Figure 4. Various degrees of postthrombotic venous ulcers. A, Healing ulcer, medial malleolus of left leg required. B, Healed venous
ulcer (this patient also has psoriasis, accounting for reddish skin abnormality on the lateral portion of anterior calf). C, A 30-year-old
woman with severe postthrombotic syndrome of the right lower extremity, demonstrating a small, round, open, weeping ulcer, along
with pronounced subcutaneous fibrosis. Reprinted from Nayak et al117 with permission from SIR. Copyright © 2012, SIR. Published by
Elsevier Inc. D, Round, open, active ulcer of ≈1-in diameter. E, Large healed ulcer with pronounced subcutaneous fibrosis and resulting
deformity in skin architecture.
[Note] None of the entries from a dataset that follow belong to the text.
lemma label_constant_on_copy:
  assumes "connected_graph W F" "\<forall>e\<in>F. f ` e \<in> E"
    and "\<And>e x y. e \<in> E \<Longrightarrow> x \<in> e \<Longrightarrow> y \<in> e \<Longrightarrow> b x = b y"
    and "w0 \<in> W" "w \<in> W"
  shows "b (f w) = b (f w0)"
proof -
  have "(adj F)\<^sup>*\<^sup>* w0 w" using assms(1,4,5) unfolding connected_graph_def by auto
  then show ?thesis
  proof (induction rule: rtranclp_induct)
    case (step y z)
    then have "{y, z} \<in> F" unfolding adj_def by simp
    then have "f ` {y, z} \<in> E" using assms(2) by blast
    then have "{f y, f z} \<in> E" by simp
    then have "b (f y) = b (f z)" by (rule assms(3)) simp_all
    then show ?case using step.IH by simp
  qed simp
qed

text \<open>A copy of a connected graph stays inside one label class, and the image of a vertex of
  maximum degree needs at least that degree.\<close>
lemma no_copy_if_small_class_or_low_degree:
  assumes "simple_graph W F" "connected_graph W F" "finite V" "finite E"
    and "\<And>e x y. e \<in> E \<Longrightarrow> x \<in> e \<Longrightarrow> y \<in> e \<Longrightarrow> b x = b y"
    and "\<And>v. v \<in> V \<Longrightarrow> card {u\<in>V. b u = b v} < card W \<or> degree E v < max_degree W F"
  shows "\<not> contains_copy V E W F"
proof
  assume "contains_copy V E W F"
  then obtain f where inj: "inj_on f W" and img: "f ` W \<subseteq> V" and edges: "\<forall>e\<in>F. f ` e \<in> E"
    unfolding contains_copy_def by auto
  have fW: "finite W" and Wne: "W \<noteq> {}"
    using assms(1,2) unfolding simple_graph_def connected_graph_def by auto
  have "max_degree W F \<in> degree F ` W"
    using fW Wne unfolding max_degree_def by auto
  then obtain w0 where w0: "w0 \<in> W" "degree F w0 = max_degree W F" by auto
  have "max_degree W F \<le> degree E (f w0)"
    using degree_le_degree_copy[OF assms(1,4) inj edges w0(1)] w0(2) by simp
  then have small: "card {u\<in>V. b u = b (f w0)} < card W"
    using assms(6) img w0(1) by fastforce
  have "f ` W \<subseteq> {u\<in>V. b u = b (f w0)}"
    using img label_constant_on_copy[OF assms(2) edges assms(5) w0(1)] by auto
  then have "card (f ` W) \<le> card {u\<in>V. b u = b (f w0)}"
    using assms(3) by (intro card_mono) auto
  then show False using small card_image[OF inj] by simp
qed
(* $\mathrm{GL}_4(\mathbb{F}_3)$ does not contain a subgroup isomorphic to $A_5\times V_4$.
   Context: $V_4\cong C_2\times C_2$ is the Klein four-group. *)

theory Defs
  imports "HOL-Analysis.Analysis" "HOL-Algebra.Algebra"
begin

text \<open>The field F_3 is represented by the numeral type 3 (integers mod 3, HOL-Library.Numeral_Type);
  4 x 4 matrices over it are elements of type 3^4^4. GL_4(F_3) is the group of invertible matrices
  under matrix multiplication.\<close>

definition GL4_F3 :: "(3^4^4) monoid" where
  "GL4_F3 = \<lparr>carrier = {A :: 3^4^4. invertible A}, mult = (**), one = mat 1\<rparr>"

definition V4 :: "(int \<times> int) monoid" where
  "V4 = DirProd (integer_mod_group 2) (integer_mod_group 2)"

definition A5_times_V4 :: "((nat \<Rightarrow> nat) \<times> (int \<times> int)) monoid" where
  "A5_times_V4 = DirProd (alt_group 5) V4"

end

(*
  An element g of order 5 in GL_4(F_3) permutes the 81 vectors of F_3^4, and every vector it does
  not fix lies in an orbit of size 5. So its fixed space, a subgroup of order 3^i, has size
  congruent to 81 = 1 (mod 5); as 3^i = 1 (mod 5) only for i = 0, 4 and g is not the identity,
  g fixes only 0. If t is an involution commuting with g, the fixed space of t is g-stable and
  its nonzero vectors again fall into 5-orbits, so it is trivial too; since v + t v is fixed by t,
  t = -1. Hence an element of order 5 of GL_4(F_3) commutes with at most one involution, whereas
  in A_5 x V_4 a 5-cycle commutes with the three involutions of V_4.
*)
theory Submission
  imports Defs "HOL-Combinatorics.Orbits" "HOL-Number_Theory.Pocklington"
begin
F, Patient with advanced postthrombotic morbidity who suffered from iliofemoral and vena caval occlusion.
This patient presented with a large venous ulcer of the right lower extremity. Sequential photographs at 1, 2, and 3 months show the

progressive benefit of sustained multilayer compression for the management of venous leg ulcers. Photographs in A, B, D, and E are
courtesy of Dr Vedantham. Photograph in F is courtesy of Dr Comerota.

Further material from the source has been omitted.